lemma card_sym_diff_large_sets:
  assumes "A \<in> large_sets k" "B \<in> large_sets k"
  shows "card (sym_diff A B) \<le> 2*k"
proof -
  have AB: "A \<subseteq> {..<3*k+1}" "B \<subseteq> {..<3*k+1}" "2*k < card A" "2*k < card B"
    using assms unfolding large_sets_def by auto
  then have fin: "finite A" "finite B"
    using finite_subset by blast+
  have "card (A \<union> B) \<le> 3*k+1"
    using card_mono[of "{..<3*k+1}" "A \<union> B"] AB by simp
  moreover have "card (A \<union> B) + card (A \<inter> B) = card A + card B"
    using card_Un_Int[OF fin] by simp
  moreover have "sym_diff A B = (A \<union> B) - (A \<inter> B)"
    by blast
  then have "card (sym_diff A B) = card (A \<union> B) - card (A \<inter> B)"
    using fin by (simp add: card_Diff_subset Int_lower1 le_supI1)
  ultimately show ?thesis
    using AB by linarith
qed

lemma small_sym_diff_small:
  assumes k: "1 \<le> k" and Z: "Z \<subseteq> {..<3*k+1}" "Z \<noteq> {}"
  shows "\<exists>A\<in>small_sets k. sym_diff A Z \<in> small_sets k"
proof -
  have "finite Z"
    using Z finite_subset by blast
  have "card Z \<le> 3*k+1"
    using card_mono[OF _ Z(1)] by simp
  show ?thesis
  proof (cases "card Z = 1")
    case True
    then obtain z where z: "Z = {z}"
      by (rule card_1_singletonE)
    define t where "t = (if z = 0 then 1 else 0 :: nat)"
    have t: "t < 3*k+1" "t \<noteq> z"
      using k unfolding t_def by auto
    have "sym_diff {t} Z = {t, z}"
      using t(2) z by blast
    moreover have "card {t, z} \<le> 2 * k"
      using k by (simp add: card_insert_if)
    moreover have "{t} \<in> small_sets k" "{t, z} \<subseteq> {..<3*k+1}"
      using t k z Z unfolding small_sets_def by auto
    ultimately show ?thesis
      unfolding small_sets_def by (intro bexI[of _ "{t}"]) auto
  next
    case False
    moreover have "card Z \<noteq> 0"
      using Z(2) \<open>finite Z\<close> by simp
    ultimately have "2 \<le> card Z"
      by linarith
    define h where "h = card Z div 2"
    have h: "1 \<le> h" "h \<le> 2 * k" "1 \<le> card Z - h" "card Z - h \<le> 2 * k"
      using \<open>2 \<le> card Z\<close> \<open>card Z \<le> 3*k+1\<close> k unfolding h_def by presburger+
    have "h \<le> card Z"
      unfolding h_def by simp
    then obtain A where A: "A \<subseteq> Z" "card A = h"
      by (rule obtain_subset_with_card_n)
    have "card (Z - A) = card Z - h"
      using A \<open>finite Z\<close> by (simp add: card_Diff_subset finite_subset)
    then have "card (Z - A) \<noteq> 0" "card (Z - A) \<le> 2 * k"
      using h(3,4) by simp_all
    then have "Z - A \<noteq> {}" "card (Z - A) \<le> 2 * k"
      by (metis card.empty, simp)
    moreover have "sym_diff A Z = Z - A"
      using A(1) by blast
    ultimately have "sym_diff A Z \<in> small_sets k"
      using Z(1) unfolding small_sets_def by auto
    moreover have "A \<noteq> {}"
      using A(2) h(1) by auto
    then have "A \<in> small_sets k"
      using A h(2) Z(1) unfolding small_sets_def by auto
    ultimately show ?thesis
      by blast
  qed
qed

lemma good_colouring_large_with_small_diff:
  assumes f: "good_colouring k n f" and k: "1 \<le> k" and Z: "Z \<subseteq> {..<3*k+1}" "Z \<noteq> {}"
    and j: "j \<in> {1..n}"
  shows "\<exists>W\<in>large_sets k. sym_diff W Z \<in> small_sets k \<and> f W = j"
  using Z(1)
proof (cases rule: subset_ground_cases)
  case 2
  show ?thesis
    by (rule good_colouring_witness[OF f 2 j])
next
  case 3
  have "{0} \<in> small_sets k"
    using k unfolding small_sets_def by auto
  then obtain A where A: "A \<in> large_sets k" "sym_diff A {0} \<in> large_sets k"
    "f A = j" "f (sym_diff A {0}) = j"
    using good_colouring_pairs[OF f _ j j] by blast
  \<comment> \<open>at least one of the two large sets of colour j differs from Z\<close>
  obtain W where W: "W \<in> large_sets k" "f W = j" "W \<noteq> Z"
    using A by (metis insertI1 Un_iff Diff_iff)
  then have "sym_diff W Z \<noteq> {}" 
    by blast
  moreover have "sym_diff W Z \<subseteq> {..<3*k+1}"
    using W(1) Z unfolding large_sets_def by blast
  ultimately have "sym_diff W Z \<in> small_sets k"
    using card_sym_diff_large_sets[OF W(1) 3] unfolding small_sets_def by blast
  then show ?thesis
    using W by blast
qed (use Z in blast)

______________________________

> [Instructions for the task]
From the opening line of the data above through the line that contains "using t(2) z by blast", please print each line as it stands and only those lines.

> [Response below]
lemma card_sym_diff_large_sets:
  assumes "A \<in> large_sets k" "B \<in> large_sets k"
  shows "card (sym_diff A B) \<le> 2*k"
proof -
  have AB: "A \<subseteq> {..<3*k+1}" "B \<subseteq> {..<3*k+1}" "2*k < card A" "2*k < card B"
    using assms unfolding large_sets_def by auto
  then have fin: "finite A" "finite B"
    using finite_subset by blast+
  have "card (A \<union> B) \<le> 3*k+1"
    using card_mono[of "{..<3*k+1}" "A \<union> B"] AB by simp
  moreover have "card (A \<union> B) + card (A \<inter> B) = card A + card B"
    using card_Un_Int[OF fin] by simp
  moreover have "sym_diff A B = (A \<union> B) - (A \<inter> B)"
    by blast
  then have "card (sym_diff A B) = card (A \<union> B) - card (A \<inter> B)"
    using fin by (simp add: card_Diff_subset Int_lower1 le_supI1)
  ultimately show ?thesis
    using AB by linarith
qed

lemma small_sym_diff_small:
  assumes k: "1 \<le> k" and Z: "Z \<subseteq> {..<3*k+1}" "Z \<noteq> {}"
  shows "\<exists>A\<in>small_sets k. sym_diff A Z \<in> small_sets k"
proof -
  have "finite Z"
    using Z finite_subset by blast
  have "card Z \<le> 3*k+1"
    using card_mono[OF _ Z(1)] by simp
  show ?thesis
  proof (cases "card Z = 1")
    case True
    then obtain z where z: "Z = {z}"
      by (rule card_1_singletonE)
    define t where "t = (if z = 0 then 1 else 0 :: nat)"
    have t: "t < 3*k+1" "t \<noteq> z"
      using k unfolding t_def by auto
    have "sym_diff {t} Z = {t, z}"
      using t(2) z by blast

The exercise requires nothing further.